lemma ballot_recurrence_pos:
  assumes "0 \<le> k" "1 \<le> c" "1 \<le> j"
  shows "ballot k c j = ballot k (c - 1) j + ballot k (c + k) (j - 1)"
proof -
  define L where "L = c + (k + 1) * j"
  have "j \<le> (k + 1) * j"
    using assms by (simp add: mult_le_cancel_right1)
  then have "2 \<le> L"
    using assms unfolding L_def by linarith
  define X Y Z where "X = real_of_int (ibinom L j)" and "Y = real_of_int (ibinom (L - 1) j)"
    and "Z = real_of_int (ibinom (L - 1) (j - 1))"
  have Y: "L * Y = (L - j) * X" and Z: "L * Z = j * X"
    using ibinom_absorb_comp[of L j] ibinom_absorption[of L j] \<open>2 \<le> L\<close>
    unfolding X_def Y_def Z_def by (simp_all flip: of_int_mult of_int_diff)
  have "real_of_int c * (L - 1) = (c - 1) * (L - j) + (c + k) * j"
    by (simp add: L_def algebra_simps)
  then have "real_of_int c * (L - 1) * X = ((c - 1) * (L - j) + (c + k) * j) * X"
    by simp
  also have "\<dots> = (c - 1) * (L * Y) + (c + k) * (L * Z)"
    unfolding Y Z by (simp add: algebra_simps)
  finally have eq: "real_of_int c * (L - 1) * X = L * ((c - 1) * Y + (c + k) * Z)"
    by (simp add: algebra_simps)
  have nz: "real_of_int L \<noteq> 0" "real_of_int L - 1 \<noteq> 0"
    using \<open>2 \<le> L\<close> by simp_all
  have "real_of_int c / L * X = real_of_int c * (L - 1) * X / (L * (L - 1))"
    using nz by simp
  also have "\<dots> = ((c - 1) * Y + (c + k) * Z) / (L - 1)"
    unfolding eq using nz by simp
  also have "\<dots> = (c - 1) / (L - 1) * Y + (c + k) / (L - 1) * Z"
    by (simp only: add_divide_distrib times_divide_eq_left)
  finally show ?thesis
    using \<open>2 \<le> L\<close> unfolding ballot_def X_def Y_def Z_def L_def
    by (simp add: algebra_simps)
qed

lemma ballot_recurrence:
  assumes "0 \<le> k" "1 \<le> c"
  shows "ballot k c j = ballot k (c - 1) j + ballot k (c + k) (j - 1) + (if c = 1 \<and> j = 0 then 1 else 0)"
proof -
  consider "j < 0" | "j = 0" | "1 \<le> j"
    by linarith
  then show ?thesis
  proof cases
    case 2
    then show ?thesis
      using assms by (cases "c = 1") (simp_all add: ballot_0_right ballot_neg_right)
  qed (use assms ballot_recurrence_pos in \<open>simp_all add: ballot_neg_right\<close>)
qed

definition ballot_sum :: "int \<Rightarrow> (int \<Rightarrow> real) \<Rightarrow> int \<Rightarrow> int \<Rightarrow> real" where
  "ballot_sum k w c d = (\<Sum>i\<in>{0..d}. w i * ballot k c (d - i))"

lemma ballot_sum_0_left: "ballot_sum k w 0 d = 0"
  by (simp add: ballot_sum_def)

lemma ballot_sum_neg_right: "d < 0 \<Longrightarrow> ballot_sum k w c d = 0"
  by (simp add: ballot_sum_def)

lemma ballot_sum_recurrence:
  assumes "0 \<le> k" "1 \<le> c"
  shows "ballot_sum k w c d =
    ballot_sum k w (c - 1) d + ballot_sum k w (c + k) (d - 1) + (if c = 1 \<and> 0 \<le> d then w d else 0)"
proof -
  have "ballot_sum k w c d = (\<Sum>i\<in>{0..d}. w i * ballot k (c - 1) (d - i) +
      w i * ballot k (c + k) (d - 1 - i) + (if c = 1 \<and> i = d then w i else 0))"
    unfolding ballot_sum_def ballot_recurrence[OF assms]
    by (intro sum.cong) (auto simp: algebra_simps)
  also have "\<dots> = ballot_sum k w (c - 1) d + (\<Sum>i\<in>{0..d}. w i * ballot k (c + k) (d - 1 - i)) +
      (\<Sum>i\<in>{0..d}. if c = 1 \<and> i = d then w i else 0)"
    by (simp add: ballot_sum_def sum.distrib)
  also have "(\<Sum>i\<in>{0..d}. w i * ballot k (c + k) (d - 1 - i)) = ballot_sum k w (c + k) (d - 1)"
    unfolding ballot_sum_def by (rule sum.mono_neutral_right) (auto simp: ballot_neg_right)
  also have "(\<Sum>i\<in>{0..d}. if c = 1 \<and> i = d then w i else 0) =
      (if c = 1 \<and> 0 \<le> d then w d else 0)"
    by (cases "c = 1") simp_all
  finally show ?thesis .
qed

definition alt_weight :: "int \<Rightarrow> int \<Rightarrow> int \<Rightarrow> real" where
  "alt_weight k N i = (-1) ^ nat i * real_of_int (ibinom (N - k * i) i)"

lemma alt_weight_eq_0: "N < (k + 1) * i \<Longrightarrow> alt_weight k N i = 0"
  by (simp add: alt_weight_def ibinom_eq_0 algebra_simps)

lemma ballot_sum_alt_weight:
  assumes "0 \<le> k" "0 \<le> d" "1 \<le> c" "c + k * d \<le> N"
  shows "ballot_sum k (alt_weight k N) c d = (-1) ^ nat d * real_of_int (ibinom (N - k * d - c) d)"
  using assms(2-)
proof (induction d arbitrary: c rule: int_ge_induct)
  case base
  then show ?case
    by (simp add: ballot_sum_def alt_weight_def ibinom_0_right ballot_0_right)
next
  case (step d)
  have d_nonneg: "0 \<le> d"
    using step.hyps .
  define U where "U c' d' = (-1) ^ nat d' * real_of_int (ibinom (N - k * d' - c') d')" for c' d'
  have U: "U c' (d + 1) = U (c' - 1) (d + 1) + U (c' + k) d" if "c' + k * (d + 1) \<le> N" for c'
  proof -
    have "N - k * (d + 1) - (c' - 1) = (N - k * (d + 1) - c') + 1"
      "N - k * d - (c' + k) = N - k * (d + 1) - c'" "nat (d + 1) = Suc (nat d)"
      using d_nonneg by (simp_all add: algebra_simps)
    then show ?thesis
      using ibinom_Suc[of "N - k * (d + 1) - c'" "d + 1"] that
      by (simp add: U_def algebra_simps)
  qed
  have IH: "ballot_sum k (alt_weight k N) (c' + k) d = U (c' + k) d"
    if "1 \<le> c'" "c' + k * (d + 1) \<le> N" for c'
    using step.IH[of "c' + k"] that assms(1) by (simp add: U_def algebra_simps)
  have "ballot_sum k (alt_weight k N) c (d + 1) = U c (d + 1)"
    using \<open>1 \<le> c\<close> \<open>c + k * (d + 1) \<le> N\<close>
  proof (induction c rule: int_ge_induct)
    case base
    have "alt_weight k N (d + 1) = U 0 (d + 1)"
      by (simp add: alt_weight_def U_def)
    then show ?case
      using ballot_sum_recurrence[OF assms(1), of 1 "alt_weight k N" "d + 1"] U[OF base] IH[OF _ base]
        d_nonneg
      by (simp add: ballot_sum_0_left)
  next
    case (step c)
    have "ballot_sum k (alt_weight k N) (c + 1) (d + 1) =
        ballot_sum k (alt_weight k N) c (d + 1) + ballot_sum k (alt_weight k N) (c + 1 + k) d"
      using ballot_sum_recurrence[OF assms(1), of "c + 1" "alt_weight k N" "d + 1"] step.hyps by simp
    also have "\<dots> = U c (d + 1) + U (c + 1 + k) d"
      using step IH[of "c + 1"] by simp
    also have "\<dots> = U (c + 1) (d + 1)"
      using U[of "c + 1"] step.prems by simp
    finally show ?case .
  qed
  then show ?case
    by (simp add: U_def)
qed

lemma sum_atLeastAtMost_int_eq:
  fixes f :: "int \<Rightarrow> 'a::comm_monoid_add"
  assumes "\<And>i. 0 \<le> i \<Longrightarrow> d < i \<Longrightarrow> f i = 0" "\<And>i. 0 \<le> i \<Longrightarrow> e < i \<Longrightarrow> f i = 0"
  shows "sum f {0..d} = sum f {0..e}"
proof -
  have "sum f {0..d} = sum f {0..max d e}"
    by (rule sum.mono_neutral_left) (auto intro: assms)
  also have "\<dots> = sum f {0..e}"
    by (rule sum.mono_neutral_right) (auto intro: assms)
  finally show ?thesis .
qed

lemma ballot_sum_alt_weight_truncated:
  assumes "0 \<le> k"
  shows "ballot_sum k (alt_weight k N) c d =
    (\<Sum>i\<in>{0..\<lfloor>real_of_int N / real_of_int (k + 1)\<rfloor>}. alt_weight k N i * ballot k c (d - i))"
  unfolding ballot_sum_def
proof (rule sum_atLeastAtMost_int_eq)
  fix i
  show "alt_weight k N i * ballot k c (d - i) = 0" if "d < i"
    using that by (simp add: ballot_neg_right)
  assume "\<lfloor>real_of_int N / real_of_int (k + 1)\<rfloor> < i"
  then have "real_of_int N < real_of_int ((k + 1) * i)"
    using assms by (simp add: floor_less_iff pos_divide_less_eq algebra_simps)
  then show "alt_weight k N i * ballot k c (d - i) = 0"
    by (simp only: of_int_less_iff alt_weight_eq_0 mult_zero_left)
qed

section \<open>Paths strictly above a line\<close>

lemma above_line_iff:
  assumes "0 < k"
  shows "real_of_int x / real_of_int k - real_of_int r < real_of_int y \<longleftrightarrow> x < k * (y + r)"
proof -
  have "real_of_int x / real_of_int k - real_of_int r < real_of_int y \<longleftrightarrow>
      real_of_int x < real_of_int (k * (y + r))"
    using assms by (simp add: field_simps)
  then show ?thesis
    by linarith
qed

lemma above_paths_eq_good_paths:
  assumes "0 < k"
  shows "above_paths k r a b m n = good_paths (\<lambda>x y. x < k * (y + r)) (a, b) (m, n)"
  using above_line_iff[OF assms] by (auto simp: above_paths_def good_paths_def)

lemma card_good_paths_above_line:
  fixes k r a b m n :: int
  defines "N \<equiv> k * (n + r) - m - 1"
  assumes "0 \<le> k" "a < k * (b + r)" "a \<le> m" "b \<le> n" "m < k * (n + r)"
  shows "real (card (good_paths (\<lambda>x y. x < k * (y + r)) (a, b) (m, n))) =
    ballot_sum k (alt_weight k N) (k * (b + r) - a) (n - b)"
proof (rule card_good_paths_by_recurrence
    [where f = "\<lambda>x y. ballot_sum k (alt_weight k N) (k * (y + r) - x) (n - y)"])
  fix x y
  assume xy: "x < k * (y + r)" "x \<le> m" "y \<le> n" "(x, y) \<noteq> (m, n)"
  then have "alt_weight k N (n - y) = 0" if "k * (y + r) - x = 1"
    using that by (auto simp: alt_weight_def N_def ibinom_eq_0 algebra_simps)
  then show "ballot_sum k (alt_weight k N) (k * (y + r) - x) (n - y) =
      ballot_sum k (alt_weight k N) (k * (y + r) - (x + 1)) (n - y) +
      ballot_sum k (alt_weight k N) (k * (y + 1 + r) - x) (n - (y + 1))"
    using ballot_sum_recurrence[OF assms(2), of "k * (y + r) - x" "alt_weight k N" "n - y"] xy
    by (simp add: algebra_simps)
next
  fix x y
  assume xy: "x < k * (y + r)" "x \<le> m" "y \<le> n" "(x, y) \<noteq> (m, n)"
    and east_outside: "\<not> (x + 1 < k * (y + r) \<and> x + 1 \<le> m)"
  show "ballot_sum k (alt_weight k N) (k * (y + r) - (x + 1)) (n - y) = 0"
  proof (cases "k * (y + r) - (x + 1) = 0")
    case False
    with xy east_outside have "x = m" "y < n"
      by auto
    then show ?thesis
      using ballot_sum_alt_weight[OF assms(2), of "n - y" "k * (y + r) - (m + 1)" N] xy False
      by (simp add: N_def algebra_simps ibinom_eq_0)
  qed (simp add: ballot_sum_0_left)
next
  fix x y
  assume xy: "x < k * (y + r)" "x \<le> m" "y \<le> n" "(x, y) \<noteq> (m, n)"
    and "\<not> (x < k * (y + 1 + r) \<and> y + 1 \<le> n)"
  moreover have "x < k * (y + 1 + r)"
    using xy assms(2) by (simp add: algebra_simps)
  ultimately show "ballot_sum k (alt_weight k N) (k * (y + 1 + r) - x) (n - (y + 1)) = 0"
    by (simp add: ballot_sum_neg_right)
next
  assume "m < k * (n + r)"
  then show "ballot_sum k (alt_weight k N) (k * (n + r) - m) (n - n) = 1"
    by (simp add: ballot_sum_def alt_weight_def N_def ibinom_0_right ballot_0_right)
qed (use assms in auto)

theorem corollary2p3:
  fixes k r a b m n :: int
  assumes "k \<ge> 1" and "0 \<le> a" and "a \<le> m"
    and "max 0 (real_of_int a / real_of_int k - real_of_int r) < real_of_int b"
    and "b \<le> n"
    and "real_of_int n > real_of_int m / real_of_int k - real_of_int r"
  shows "real (card (above_paths k r a b m n)) =
    (\<Sum>i \<in> {0..\<lfloor>real_of_int (k * (n + r) - m - 1) / real_of_int (k + 1)\<rfloor>}.
       (-1) ^ nat i *
       (real_of_int (k * (b + r) - a) / real_of_int ((k + 1) * (n - i) - a - b + k * r)) *
       real_of_int (ibinom ((k + 1) * (n - i) - a - b + k * r) (n - b - i)) *
       real_of_int (ibinom (k * (n + r - i) - m - 1) i))"
proof -
  define N where "N = k * (n + r) - m - 1"
  define c where "c = k * (b + r) - a"
  have "real (card (above_paths k r a b m n)) = ballot_sum k (alt_weight k N) c (n - b)"
    using assms above_line_iff[of k a r b] above_line_iff[of k m r n]
    by (simp add: above_paths_eq_good_paths card_good_paths_above_line N_def c_def)
  also have "\<dots> = (\<Sum>i\<in>{0..\<lfloor>real_of_int N / real_of_int (k + 1)\<rfloor>}.
      alt_weight k N i * ballot k c (n - b - i))"
    using assms(1) by (simp add: ballot_sum_alt_weight_truncated)
  finally show ?thesis
    unfolding N_def c_def
    by (rule trans) (rule sum.cong, simp_all add: alt_weight_def ballot_def algebra_simps)
qed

▬▬▬▬▬▬▬▬▬▬

Work to be completed:
Look for "lambda" in each line of the material, then copy the lines where it is found.

Solution to this problem:
  shows "above_paths k r a b m n = good_paths (\<lambda>x y. x < k * (y + r)) (a, b) (m, n)"
  shows "real (card (good_paths (\<lambda>x y. x < k * (y + r)) (a, b) (m, n))) =
    [where f = "\<lambda>x y. ballot_sum k (alt_weight k N) (k * (y + r) - x) (n - y)"])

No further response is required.